→ Exercise prompt: The response must be a precise copy of the records that follow.

→ The input:

lemma cnm_children_empty_if_subsingleton:
  assumes "is_cnm n T" "p \<in> T" "\<And>q q'. q \<in> cnm_children T p \<Longrightarrow> q' \<in> cnm_children T p \<Longrightarrow> q = q'"
  shows "cnm_children T p = {}"
proof -
  have fin: "finite (cnm_children T p)"
    by (rule finite_subset[of _ "{1..n} \<times> {1..n}"])
       (use is_cnmD(1)[OF assms(1)] in \<open>auto simp: cnm_children_def\<close>)
  then have "card (cnm_children T p) \<le> 1"
    by (subst card_le_Suc0_iff_eq[OF fin, unfolded One_nat_def[symmetric]]) (use assms(3) in blast)
  then have "card (cnm_children T p) = 0" using is_cnmD(4)[OF assms(1,2)] by auto
  with fin show ?thesis by simp
qed

lemma cnm_lowest_in_column_is_leaf:
  assumes c: "is_cnm n T" and ab: "(a, b) \<in> T" and lowest: "\<And>i. (i, b) \<in> T \<Longrightarrow> i \<le> a"
  shows "(a, b) \<in> cnm_leaves T"
proof -
  have row: "i = a \<and> b < j \<and> (GREATEST y. y < j \<and> (a, y) \<in> T) = b \<and> (a, j) \<in> T"
    if "(i, j) \<in> cnm_children T (a, b)" for i j
    using cnm_child_cases[OF c that] lowest that unfolding cnm_children_def by fastforce
  have "q = q'" if "q \<in> cnm_children T (a, b)" "q' \<in> cnm_children T (a, b)" for q q'
    using that row[of "fst q" "snd q"] row[of "fst q'" "snd q'"]
      Greatest_less_eq_imp_eq[of "\<lambda>y. (a, y) \<in> T" "snd q" "snd q'" b]
    by (cases q, cases q') auto
  then show ?thesis
    using cnm_children_empty_if_subsingleton[OF c ab] ab unfolding cnm_leaves_def by blast
qed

→ Output below:
lemma cnm_children_empty_if_subsingleton:
  assumes "is_cnm n T" "p \<in> T" "\<And>q q'. q \<in> cnm_children T p \<Longrightarrow> q' \<in> cnm_children T p \<Longrightarrow> q = q'"
  shows "cnm_children T p = {}"
proof -
  have fin: "finite (cnm_children T p)"
    by (rule finite_subset[of _ "{1..n} \<times> {1..n}"])
       (use is_cnmD(1)[OF assms(1)] in \<open>auto simp: cnm_children_def\<close>)
  then have "card (cnm_children T p) \<le> 1"
    by (subst card_le_Suc0_iff_eq[OF fin, unfolded One_nat_def[symmetric]]) (use assms(3) in blast)
  then have "card (cnm_children T p) = 0" using is_cnmD(4)[OF assms(1,2)] by auto
  with fin show ?thesis by simp
qed

lemma cnm_lowest_in_column_is_leaf:
  assumes c: "is_cnm n T" and ab: "(a, b) \<in> T" and lowest: "\<And>i. (i, b) \<in> T \<Longrightarrow> i \<le> a"
  shows "(a, b) \<in> cnm_leaves T"
proof -
  have row: "i = a \<and> b < j \<and> (GREATEST y. y < j \<and> (a, y) \<in> T) = b \<and> (a, j) \<in> T"
    if "(i, j) \<in> cnm_children T (a, b)" for i j
    using cnm_child_cases[OF c that] lowest that unfolding cnm_children_def by fastforce
  have "q = q'" if "q \<in> cnm_children T (a, b)" "q' \<in> cnm_children T (a, b)" for q q'
    using that row[of "fst q" "snd q"] row[of "fst q'" "snd q'"]
      Greatest_less_eq_imp_eq[of "\<lambda>y. (a, y) \<in> T" "snd q" "snd q'" b]
    by (cases q, cases q') auto
  then show ?thesis
    using cnm_children_empty_if_subsingleton[OF c ab] ab unfolding cnm_leaves_def by blast
qed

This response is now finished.